Durch diese Vorgehensweise erreichen Sie eine statische Überprüfung der Korrektheit vieler Typumwandlungen und vermeiden den unnötigen Verlust an statischer Typsicherheit.
Zur Lösung dieser Aufgabe ist die Verwendung von Typumwandlungen ausdrücklich erlaubt.
Versuchen Sie trotzdem, die Anzahl der Typumwandlungen klein zu halten und so viel Typinformation wie möglich statisch vorzugeben.
Das hilft Ihnen dabei, die Lösung überschaubar zu halten und einen unnötigen Verlust an statischer Typsicherheit zu vermeiden.
Gehen Sie auch möglichst sparsam mit dynamischen Typabfragen und Ausnahmebehandlungen um.
Achten Sie darauf, dass Sie Divisionen durch 0 vermeiden.
Führen Sie zumindest einen Testfall ein, bei dem eine statistische Auswertung ohne entsprechende Vorkehrungen eine Exception aufgrund einer Division durch 0 auslösen würde.
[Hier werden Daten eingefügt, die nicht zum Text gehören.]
text \<open>
  Any \<open>Q\<^sub>2(\<real>)\<close>-valued Sobolev map on \<open>(x - r, x + r)\<close> has, by Cauchy-Schwarz, at least
  the energy of the affine interpolation of its endpoint values; this bounds the energy of the
  Dirichlet minimizer \<open>v\<close> from below. The energy of \<open>u\<close> is explicit,
  \<open>3 r + cos (2 x) sin (2 r) / 2\<close>, and exceeds the affine energy of its endpoint values only
  by a factor controlled by \<open>r\<^sup>2 / sin\<^sup>2 r\<close>: away from \<open>0\<close> the gap is \<open>sin (2 r) \<le> 2 r\<close>,
  and when the sheets cross at \<open>0\<close> the loss is of order \<open>r\<^sup>6\<close>, absorbed by
  \<open>r\<^sup>2 - sin\<^sup>2 r \<ge> r\<^sup>4 / 8\<close>. Finally \<open>sin t \<noteq> t\<close> for small \<open>t \<noteq> 0\<close>, so the number of
  sheets drops from 2 to 1 exactly at the origin.
\<close>

lemma integral_right_quotient_tendsto_ae:
  fixes G :: "real \<Rightarrow> real"
  assumes "\<And>a b. G integrable_on {a..b}"
  obtains N where "negligible N"
    "\<And>x. x \<notin> N \<Longrightarrow> ((\<lambda>h. integral {x..x + h} G / h) \<longlongrightarrow> G x) (at_right 0)"
proof -
  obtain N where N: "negligible N"
    "\<And>x e. \<lbrakk>x \<notin> N; 0 < e\<rbrakk> \<Longrightarrow> \<exists>d>0. \<forall>h. 0 < h \<and> h < d \<longrightarrow>
       norm (integral (cbox x (x + h *\<^sub>R One)) G /\<^sub>R h ^ DIM(real) - G x) < e"
    using integrable_ccontinuous_explicit[of G] assms by (metis cbox_interval)
  show ?thesis
  proof (rule that[OF N(1)])
    fix x assume "x \<notin> N"
    then show "((\<lambda>h. integral {x..x + h} G / h) \<longlongrightarrow> G x) (at_right 0)"
      using N(2) by (fastforce simp: tendsto_iff eventually_at_right_field dist_real_def
          cbox_interval divide_inverse_commute)
  qed
qed
(* Let $\mathcal{N}$ be a non-degenerate GFNN with $D$-dimensional output, let $\rho$ be a nonlinearity, and let $A,B$ be disjoint sets of nodes of $\mathcal{N}$ with a common parent set such that $\mathcal{N}$ admits a $(\rho;A,B,C)$-modification. Then there exists a set $B^*\subset B$ such that $\mathcal{N}$ admits a non-degenerate $(\rho;A\cup B^*,B\setminus B^*,C)$-modification $\mathcal{N}'$.
   Context: A nonlinearity is a continuous $\rho:\mathbb{R}\to\mathbb{R}$ not of the form $t\mapsto at+b$. GFNN with $D$-dim output: $\mathcal{N}=(V,E,V_{\mathrm{in}},V_{\mathrm{out}},\Omega,\Theta,\Lambda)$, $(V,E)$ finite loopless DAG, $V_{\mathrm{in}}$ the parentless nodes, $V_{\mathrm{out}}\subset V\setminus V_{\mathrm{in}}$, nonzero real weights $\omega_{\tilde vv}$ on edges $(v,\tilde v)$, real biases $\theta_v$ on non-input nodes, real output scalars $\lambda^{(r)},\lambda^{(r)}_w$. $\mathrm{anc}(S)$: nodes with a directed path (length $\ge0$) into $S$. Non-degenerate: $V\setminus V_{\mathrm{in}}\subset\mathrm{anc}(V_{\mathrm{out}})$ and each $w\in V_{\mathrm{out}}$ has some $\lambda^{(r)}_w\ne0$. Affine symmetry of $\rho$: $(\zeta,\{(\alpha_s,\beta_s,\gamma_s)\}_{s\in\mathcal{I}})$, $\mathcal{I}$ nonempty finite, $\sum_s\alpha_s\rho(\beta_st+\gamma_s)=\zeta$ $\forall t$, no proper $\mathcal{I}'$ with $\{\rho(\beta_s\cdot+\gamma_s)\}_{\mathcal{I}'}\cup\{\mathbf1\}$ linearly dependent. Irreducible: there is no nonempty $U$ with common parent set $P_U$, nonzero $\kappa_v,\beta_u$ with $\omega_{uv}=\beta_u\kappa_v$, and $\zeta$, nonzero $\alpha_u$ with $(\zeta,\{(\alpha_u,\beta_u,\theta_u)\}_{u\in U})$ an affine symmetry. $(\rho;A,B,C)$-modification of an irreducible $\mathcal{N}$: $A,B\subset V\setminus V_{\mathrm{in}}$ disjoint, $A\ne\varnothing$, common parent set $P$, $W=\{w:\mathrm{par}(w)\cap A\ne\varnothing\}$, $C=\{u'_1,\dots,u'_n\}$ ($n\ge1$) new nodes; require (i) an affine symmetry $(\zeta,\{(\alpha_u,\beta_u,\theta_u)\}_{u\in A\cup B}\cup\{(\alpha'_p,\beta'_p,\gamma'_p)\}_{p=1}^n)$; (ii) nonzero $\kappa_v$ with $\omega_{uv}=\beta_u\kappa_v$ ($u\in A\cup B,v\in P$); (iii) $A\subset\mathrm{par}(w)$ for $w\in W$, nonzero $\nu_w$ with $\omega_{wu}=\nu_w\alpha_u$; (iv) $A\cap V_{\mathrm{out}}=\varnothing$, or $A\subset V_{\mathrm{out}}$ with reals $\mu_r$, $\lambda^{(r)}_u=\mu_r\alpha_u$. Then: delete $A$ and incident edges; add $C$ with edges $(v,u'_p)$ of weight $\beta'_p\kappa_v$, bias $\gamma'_p$, edges $(u'_p,w)$ of weight $-\alpha'_p\nu_w$; $\theta_w\mapsto\theta_w+\zeta\nu_w$; for $w\in W,u\in B$: add edge with weight $-\alpha_u\nu_w$ if absent, else $\omega_{wu}\mapsto\omega_{wu}-\alpha_u\nu_w$, deleting the edge if $0$. If $A\subset V_{\mathrm{out}}$: $\lambda^{(r)}\mapsto\lambda^{(r)}+\zeta\mu_r$, $\lambda^{(r)}_{u'_p}=-\alpha'_p\mu_r$, for $u\in B$ $\lambda^{(r)}_u$ ($0$ if $u\notin V_{\mathrm{out}}$) $\mapsto\lambda^{(r)}_u-\alpha_u\mu_r$, new output set $(V_{\mathrm{out}}\setminus(A\cup B))\cup C\cup\{u\in B:\text{some new }\lambda^{(r)}_u\ne0\}$; else outputs unchanged. $\mathcal{N}$ admits a $(\rho;A,B,C)$-modification if such data exist. *)

theory Defs
  imports Complex_Main
begin
text \<open>A point inside pullbacks of levels \<open>m < n\<close> would be \<open>branch\<^sup>m\<close> of two points \<open>z\<^sub>2\<close> and
  \<open>branch\<^bsup>n-m\<^esup> z\<^sub>1\<close> that differ by an integer; but the first lies in the open complementary arc
  and the second in \<open>[lam, lam + 1/q)\<close>.\<close>

lemma pieces_levels_disjoint:
  assumes xy: "lam + 1 / real q \<le> x" "x < y" "y \<le> lam + 1" and "m < n"
    and "(u1, v1) \<in> set (pieces n x y)" "u1 < w" "w < v1"
    and "(u2, v2) \<in> set (pieces m x y)" "u2 < w" "w < v2"
  shows False
proof -
  have xy': "x \<le> y" "y \<le> x + 1" using xy inverse_q_bounds(1) by linarith+
  obtain z1 where z1: "x < z1" "z1 < y" "(branch ^^ n) z1 = w"
    using pieces_interior_in_image[OF xy' assms(5-7)] by blast
  obtain z2 where z2: "x < z2" "z2 < y" "(branch ^^ m) z2 = w"
    using pieces_interior_in_image[OF xy' assms(8-10)] by blast
  note z = z1 z2
  obtain k where k: "n = m + Suc k" using less_imp_Suc_add[OF \<open>m < n\<close>] by auto
  define s where "s = (branch ^^ Suc k) z1"
  have "(branch ^^ m) s = (branch ^^ n) z1" by (simp only: s_def k funpow_add o_apply)
  then have "(branch ^^ m) s = (branch ^^ m) z2" using z(3,6) by simp
  then have "s - z2 \<in> \<int>" by (rule funpow_branch_eq_imp_diff_Ints)
  then have "z2 - s \<in> \<int>" by (metis Ints_minus minus_diff_eq)
  moreover have "lam \<le> s" "s < lam + 1 / real q" by (simp_all add: s_def branch_range)
  then have "\<bar>z2 - s\<bar> < 1" "z2 - s \<noteq> 0" using z(4,5) xy by linarith+
  ultimately show False using Ints_nonzero_abs_less1[of "z2 - s"] by blast
qed
lemma Ztau_residues_squares: "\<forall>s\<in>Ztau. \<exists>c\<in>{0, 1, tau^2, tau'^2}. rcong2 s c"
proof
  fix s assume "s \<in> Ztau"
  moreover have "(tau - tau'^2) / 2 = tau - 1"
    unfolding tau'_eq power2_eq_square using tau_squared by (simp add: field_simps)
  then have "rcong2 tau (tau'^2)" unfolding rcong2_def by (simp only:) blast
  ultimately have "rcong2 s 0 \<or> rcong2 s 1 \<or> rcong2 s (tau'^2) \<or> rcong2 s (tau^2)"
    using Ztau_residue_classes rcong2_trans[of s tau "tau'^2"] by (auto simp: power2_eq_square)
  then show "\<exists>c\<in>{0, 1, tau^2, tau'^2}. rcong2 s c" by blast
qed

definition Ztau4 :: "(real^4) set" where
  "Ztau4 = {v. \<forall>i. v $ i \<in> Ztau}"

lemma Ztau4_add [intro]: "x \<in> Ztau4 \<Longrightarrow> y \<in> Ztau4 \<Longrightarrow> x + y \<in> Ztau4"
  by (auto simp: Ztau4_def)

lemma Ztau4_diff [intro]: "x \<in> Ztau4 \<Longrightarrow> y \<in> Ztau4 \<Longrightarrow> x - y \<in> Ztau4"
  by (auto simp: Ztau4_def)

lemma Ztau4_scaleR [intro]: "c \<in> Ztau \<Longrightarrow> x \<in> Ztau4 \<Longrightarrow> c *\<^sub>R x \<in> Ztau4"
  by (auto simp: Ztau4_def)

lemma Ztau4_inner [intro]: "x \<in> Ztau4 \<Longrightarrow> y \<in> Ztau4 \<Longrightarrow> x \<bullet> y \<in> Ztau"
  by (auto simp: Ztau4_def inner_vec_def)

lemma cong2_iff_rcong2: "cong2 y z \<longleftrightarrow> (\<forall>i. rcong2 (y $ i) (z $ i))"
  by (simp add: cong2_def rcong2_def)

lemma cong2_iff_Ztau4: "cong2 y z \<longleftrightarrow> (1/2) *\<^sub>R (y - z) \<in> Ztau4"
  by (simp add: cong2_def Ztau4_def)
Bedenken Sie, dass es mehrere sinnvolle Lösungsansätze für diese Aufgabe gibt.
Wenn Sie einmal einen gangbaren Weg gefunden haben, bleiben Sie dabei, und vermeiden Sie es, zu viele Möglichkeiten auszuprobieren.
Das könnte Ihnen viel Zeit kosten, ohne die Lösung zu verbessern.
Die Art der Verwendung eines Roboters für unterschiedene Einsatzzwecke kann sich im Laufe der Zeit ändern.
Am besten stellt man solche Beziehungen über Rollen dar:
Für jede Art von Roboter gibt es eine eigene Klasse mit den für die jeweilige Art typischen Daten, und ein gemeinsamer Obertyp ermöglicht den Zugriff auf diese Daten auf einheitliche Weise.
In jedem Roboter gibt es einen Zeiger auf die aktuelle Einsatzart (= die Rolle, die der Roboter gerade spielt).
Wenn sich die Art ändert, braucht nur dieser Zeiger neu gesetzt zu werden.
Durch geschickte Auswahl der Methoden einer Rolle sind die meisten Fallunterscheidungen vermeidbar, das heißt, Fallunterscheidungen werden durch dynamisches Binden ersetzt.
Was im Hinblick auf die Abgabe zu beachten ist:
Verzichten Sie auch bei der Lösung dieser Aufgabe auf die Verwendung von packages und Verzeichnissen innerhalb des Abgabeverzeichnisses
Gruppe/Aufgabe6.
Schreiben Sie (abgesehen von geschachtelten Klassen) nicht mehr als eine Klasse in jede Datei.